Of course, Dimock residents knew their water was safe and didn’t appreciate this disingenuous “help”. Resulting in numerous residents loudly telling Mayor Matt to go home, the Township Board of Supervisors saying “no thank you” to the mutual aid. Following this, Matt Ryan lost his cool, began yelling at the audience, and at one point implied the township’s decision would ultimately leave them vulnerable to a lawsuit from the litigants on Carter Road. What a lack of class! And, doesn’t this guy look pretty silly now that EPA says the water is safe?
1) Tracy; From the Mouth of a Child, A Voice of Reason in the Natural Gas Debate
This might not be exactly what you expected among my top five moments, but it was truly a special one. It was, in fact, the most special. During a Vestal Gas Coalition informational meeting, I had the opportunity to speak with a young girl named Tracy about her science project. This bright and charming girl made a quilt to represent Marcellus Shale natural gas development. Not only did this quilt demonstrate the numerous geologic layers of rock separating fresh water aquifers over a mile deep, it also exhibited the many protective layers of casing–something many who oppose natural gas development do not understand.

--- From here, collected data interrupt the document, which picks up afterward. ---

lemma length_mult_generate_insert:
  assumes t: "t \<in> B" and f: "f \<in> generate G B" and not_desc: "t \<notin> right_descents G S f"
    and q: "q \<in> generate G (insert t C)"
  shows "len (f \<otimes> q) = len f + len q"
proof -
  have tS: "t \<in> S" and I: "insert t C \<subseteq> S"
    using t B C by auto
  have fc: "f \<in> carrier G" and qc: "q \<in> carrier G"
    using f q generate_B_closed generate_gens_subset_carrier[OF I] by auto
  have not_inv: "conjugate f t \<notin> inversions f"
    using not_desc right_descents_iff[OF fc] tS by simp
  have "inversions f \<inter> conjugate f ` inversions q = {}"
  proof (rule Int_emptyI)
    fix r assume r: "r \<in> inversions f" "r \<in> conjugate f ` inversions q"
    then obtain u where u: "u \<in> inversions q" "r = conjugate f u"
      by blast
    have uc: "u \<in> carrier G"
      using u(1) inversions_closed[OF qc] by blast
    have "u \<in> generate G B"
      using r(1) u(2) inversions_in_generate[OF B f]
        conjugate_in_subgroup_iff[OF subgroup_generate_gens[OF B] f uc] by blast
    moreover have "u \<in> generate G (insert t C)"
      using u(1) inversions_in_generate[OF I q] by blast
    moreover have "B \<inter> insert t C = {t}"
      using t BC by blast
    ultimately have "u \<in> generate G {t}"
      using generate_Int[OF B I] by (metis IntI)
    moreover have "u \<noteq> \<one>"
      using u(1) inversions_subset_reflections[OF qc] reflection_not_one by blast
    ultimately have "u = t"
      using generate_singleton[OF tS] by blast
    then show False
      using not_inv r(1) u(2) by simp
  qed
  then show ?thesis
    using length_mult_eq_add_iff[OF fc qc] by simp
qed

lemma generate_insert_conjugate_in_C:
  assumes t: "t \<in> B" and f: "f \<in> generate G B" and not_desc: "t \<notin> right_descents G S f"
    and q: "q \<in> generate G (insert t C)" and fq: "conjugate f q \<in> generate G C"
  shows "q \<in> generate G C"
  using q fq
proof (induction "len q" arbitrary: q rule: less_induct)
  case less
  have I: "insert t C \<subseteq> S"
    using t B C by auto
  have fc: "f \<in> carrier G" and qc: "q \<in> carrier G"
    using f less.prems(1) generate_B_closed generate_gens_subset_carrier[OF I] by auto
  show ?case
  proof (cases "q = \<one>")
    case True
    then show ?thesis
      by (simp add: generate.one)
  next
    case False
    then obtain s where s: "s \<in> insert t C" "s \<in> inversions q" "len (s \<otimes> q) < len q"
      and sq: "s \<otimes> q \<in> generate G (insert t C)"
      using left_descent_in_generate[OF I less.prems(1)] by blast
    have sS: "s \<in> S"
      using s(1) I by blast
    have "conjugate f ` inversions q \<subseteq> inversions (conjugate f q)"
      using conjugate_inversions_subset_if_twisted_commute[OF C B CB less.prems(2) f qc]
        conjugate_mult_eq[OF fc qc] length_mult_generate_insert[OF t f not_desc less.prems(1)]
      by simp
    then have fs: "conjugate f s \<in> generate G C"
      using s(2) inversions_in_generate[OF C less.prems(2)] by blast
    then have "s \<in> C"
      using s(1) conjugate_gen_not_in_generate_C[OF f t] by blast
    have "conjugate f (s \<otimes> q) = conjugate f s \<otimes> conjugate f q"
      using conjugate_distrib[OF fc _ qc] sS by simp
    then have "conjugate f (s \<otimes> q) \<in> generate G C"
      using fs less.prems(2) by (simp add: generate.eng)
    then have "s \<otimes> q \<in> generate G C"
      using less.hyps s(3) sq by blast
    then have "s \<otimes> (s \<otimes> q) \<in> generate G C"
      using \<open>s \<in> C\<close> generate.incl generate.eng by metis
    then show ?thesis
      using sS qc by (simp add: gen_cancel_left)
  qed
qed

lemma conjugate_mult_gen_not_in_generate_C:
  assumes t: "t \<in> B" and f: "f \<in> generate G B" and not_desc: "t \<notin> right_descents G S f"
    and g: "g \<in> generate G C"
  shows "conjugate (f \<otimes> g) t \<notin> generate G C"
proof
  assume asm: "conjugate (f \<otimes> g) t \<in> generate G C"
  have tS: "t \<in> S" and I: "insert t C \<subseteq> S"
    using t B C by auto
  have fc: "f \<in> carrier G" and gc: "g \<in> carrier G"
    using f g generate_B_closed generate_C_closed by auto
  have gI: "g \<in> generate G (insert t C)"
    using g mono_generate[of C "insert t C"] by blast
  have "t \<in> generate G (insert t C)"
    by (simp add: generate.incl)
  then have qI: "conjugate g t \<in> generate G (insert t C)"
    using conjugate_in_subgroup_iff[OF subgroup_generate_gens[OF I] gI] tS by simp
  have "conjugate f (conjugate g t) \<in> generate G C"
    using asm fc gc tS by (simp add: conjugate_mult)
  then have "conjugate g t \<in> generate G C"
    using generate_insert_conjugate_in_C[OF t f not_desc qI] by blast
  then have "t \<in> generate G C"
    using conjugate_in_subgroup_iff[OF subgroup_generate_gens[OF C] g] tS by simp
  then show False
    using gen_in_generate_iff[OF C tS] t BC by blast
qed

lemma not_right_descent_mult_C:
  assumes t: "t \<in> B" and f: "f \<in> generate G B" and g: "g \<in> generate G C"
    and not_desc: "t \<notin> right_descents G S f"
  shows "t \<notin> right_descents G S (f \<otimes> g)"
proof -
  have tS: "t \<in> S" and fc: "f \<in> carrier G" and gc: "g \<in> carrier G"
    using t B f g generate_B_closed generate_C_closed by auto
  have "t \<in> generate G B" and "t \<noteq> \<one>"
    using t tS one_not_gen by (auto intro: generate.incl)
  moreover have "conjugate f t \<notin> inversions f"
    using not_desc right_descents_iff[OF fc] tS by simp
  ultimately have "conjugate (f \<otimes> g) t \<notin> inversions (f \<otimes> g)"
    using conjugate_mult_C_not_inversion[OF f g] by blast
  then show ?thesis
    using right_descents_iff fc gc by simp
qed

lemma right_descent_C_mult_iff:
  assumes t: "t \<in> B" and f: "f \<in> generate G B" and g: "g \<in> generate G C"
  shows "t \<in> right_descents G S (g \<otimes> f) \<longleftrightarrow> t \<in> right_descents G S f"
  using right_descents_left_mult_generate[OF C g generate_B_closed[OF f] _
      conjugate_gen_not_in_generate_C[OF f t]] t B
  by blast

lemma not_right_descent_C_mult_C:
  assumes t: "t \<in> B" and f: "f \<in> generate G B" and g: "g \<in> generate G C"
    and g': "g' \<in> generate G C" and not_desc: "t \<notin> right_descents G S f"
  shows "t \<notin> right_descents G S (g \<otimes> f \<otimes> g')"
proof -
  have fc: "f \<in> carrier G" and gc: "g \<in> carrier G" and g'c: "g' \<in> carrier G"
    using f g g' generate_B_closed generate_C_closed by auto
  have "t \<in> right_descents G S (g \<otimes> (f \<otimes> g')) \<longleftrightarrow> t \<in> right_descents G S (f \<otimes> g')"
    using right_descents_left_mult_generate[OF C g _ _
        conjugate_mult_gen_not_in_generate_C[OF t f not_desc g']] t B fc g'c
    by blast
  then show ?thesis
    using not_right_descent_mult_C[OF t f g' not_desc] fc gc g'c by (simp add: m_assoc)
qed

lemma right_descent_mult_C_mult:
  assumes t: "t \<in> B" and f: "f \<in> generate G B" and f': "f' \<in> generate G B"
    and g: "g \<in> generate G C" and length_ff': "len (f \<otimes> f') = len f + len f'"
    and desc: "t \<in> right_descents G S f'"
  shows "t \<in> right_descents G S (f \<otimes> g \<otimes> f')"
proof -
  have tS: "t \<in> S" and fc: "f \<in> carrier G" and f'c: "f' \<in> carrier G" and gc: "g \<in> carrier G"
    using t B f f' g generate_B_closed generate_C_closed by auto
  define p where "p = conjugate f' t"
  have p: "p \<in> inversions f'"
    using desc right_descents_iff[OF f'c] by (simp add: p_def)
  then have "p \<in> generate G B" and "p \<noteq> \<one>" and pc: "p \<in> carrier G"
    using inversions_in_generate[OF B f'] inversions_subset_reflections[OF f'c] reflection_not_one
      reflection_closed by blast+
  moreover have "conjugate f p \<notin> inversions f"
    using p length_mult_eq_add_iff[OF fc f'c] length_ff' by blast
  ultimately have "conjugate (f \<otimes> g) p \<notin> inversions (f \<otimes> g)"
    using conjugate_mult_C_not_inversion[OF f g] by blast
  moreover have "conjugate (f \<otimes> g) p \<in> conjugate (f \<otimes> g) ` inversions f'"
    using p by blast
  ultimately have "conjugate (f \<otimes> g) p \<in> inversions (f \<otimes> g \<otimes> f')"
    using inversions_mult[of "f \<otimes> g" f'] fc gc f'c by simp
  moreover have "conjugate (f \<otimes> g) p = conjugate (f \<otimes> g \<otimes> f') t"
    using fc gc f'c tS by (simp add: p_def conjugate_mult)
  ultimately show ?thesis
    using right_descents_iff fc gc f'c tS by simp
qed

lemma right_descent_C_mult_C_iff_if_commute:
  assumes s: "s \<in> B" and comm: "\<forall>c\<in>C. s \<otimes> c = c \<otimes> s" and f: "f \<in> generate G B"
    and g: "g \<in> generate G C" and g': "g' \<in> generate G C"
  shows "s \<in> right_descents G S (g \<otimes> f \<otimes> g') \<longleftrightarrow> s \<in> right_descents G S f"
proof -
  have sS: "s \<in> S" and fc: "f \<in> carrier G" and gc: "g \<in> carrier G" and g'c: "g' \<in> carrier G"
    using s B f g g' generate_B_closed generate_C_closed by auto
  have sg': "s \<otimes> g' = g' \<otimes> s"
    using commute_generate[OF gen_closed[OF sS] _ comm g'] C gens_carrier by blast
  then have "conjugate g' s = s"
    using sS g'c by (simp add: conjugate_def m_assoc flip: sg')
  then have conj: "conjugate (f \<otimes> g') s = conjugate f s"
    using fc g'c sS by (simp add: conjugate_mult)
  have "s \<in> right_descents G S (g \<otimes> (f \<otimes> g')) \<longleftrightarrow> s \<in> right_descents G S (f \<otimes> g')"
    using right_descents_left_mult_generate[OF C g _ sS] conjugate_gen_not_in_generate_C[OF f s]
      conj fc g'c by simp
  moreover have "f \<otimes> s \<in> generate G B"
    using f s by (simp add: generate.eng generate.incl)
  moreover have "f \<otimes> g' \<otimes> s = (f \<otimes> s) \<otimes> g'"
    using sg' fc g'c sS by (simp add: m_assoc)
  ultimately have "len (f \<otimes> g' \<otimes> s) = len (f \<otimes> s) + len g'"
    using length_mult_disjoint[OF B C BC _ g'] by simp
  moreover have "len (f \<otimes> g') = len f + len g'"
    using length_mult_disjoint[OF B C BC f g'] .
  ultimately have "s \<in> right_descents G S (f \<otimes> g') \<longleftrightarrow> s \<in> right_descents G S f"
    using sS by (simp add: right_descents_def)
  with \<open>s \<in> right_descents G S (g \<otimes> (f \<otimes> g')) \<longleftrightarrow> _\<close> show ?thesis
    using fc gc g'c by (simp add: m_assoc)
qed

end

theorem lemma10p23:
  fixes G :: "('a, 'b) monoid_scheme" and S B C :: "'a set" and f f' g g' :: 'a
  assumes cox: "coxeter_system G S"
    and part: "S = B \<union> C" "B \<inter> C = {}"
    and f: "f \<in> generate G B" and f': "f' \<in> generate G B"
    and g: "g \<in> generate G C" and g': "g' \<in> generate G C"
  shows "cox_length G S (f \<otimes>\<^bsub>G\<^esub> g) = cox_length G S f + cox_length G S g
       \<and> cox_length G S (g \<otimes>\<^bsub>G\<^esub> f) = cox_length G S f + cox_length G S g
       \<and> (\<forall>s\<in>B. (\<forall>c\<in>C. s \<otimes>\<^bsub>G\<^esub> c = c \<otimes>\<^bsub>G\<^esub> s) \<longrightarrow>
             (s \<in> right_descents G S f \<longleftrightarrow>
              s \<in> right_descents G S (g \<otimes>\<^bsub>G\<^esub> f \<otimes>\<^bsub>G\<^esub> g')))
       \<and> (\<forall>t\<in>B.
             (t \<notin> right_descents G S f \<longrightarrow> t \<notin> right_descents G S (f \<otimes>\<^bsub>G\<^esub> g))
           \<and> (t \<in> right_descents G S f \<longleftrightarrow> t \<in> right_descents G S (g \<otimes>\<^bsub>G\<^esub> f))
           \<and> (t \<notin> right_descents G S f \<longrightarrow>
                t \<notin> right_descents G S (g \<otimes>\<^bsub>G\<^esub> f \<otimes>\<^bsub>G\<^esub> g'))
           \<and> (cox_length G S (f \<otimes>\<^bsub>G\<^esub> f') = cox_length G S f + cox_length G S f' \<longrightarrow>
                t \<in> right_descents G S f' \<longrightarrow>
                t \<in> right_descents G S (f \<otimes>\<^bsub>G\<^esub> g \<otimes>\<^bsub>G\<^esub> f')))"
proof -
  have "coxeter G S"
    using cox by (simp add: coxeter_def coxeter_axioms_def coxeter_system_def)
  then interpret coxeter_disjoint_parabolics G S B C
    using part by (simp add: coxeter_disjoint_parabolics_def coxeter_disjoint_parabolics_axioms_def)
  show ?thesis
    using length_mult_disjoint[OF B C BC f g] length_mult_disjoint[OF C B CB g f]
      right_descent_C_mult_C_iff_if_commute[OF _ _ f g g'] not_right_descent_mult_C[OF _ f g]
      right_descent_C_mult_iff[OF _ f g] not_right_descent_C_mult_C[OF _ f g g']
      right_descent_mult_C_mult[OF _ f f' g]
    by auto
qed

end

So I ask, how is it possible that someone so young can understand this, but the well-educated and very wealthy members of the Park Foundation cannot?
I hope you enjoyed this collection of memories from the last year. It has been a wild ride with many ups and downs. I want to thank all of the landowners and individuals I have met throughout my travels in New York and Pennsylvania. Their passion and dedication in supporting this industry is simply unquantifiable. I also want to thank my colleagues in the industry and especially at Energy in Depth for the opportunity and experience.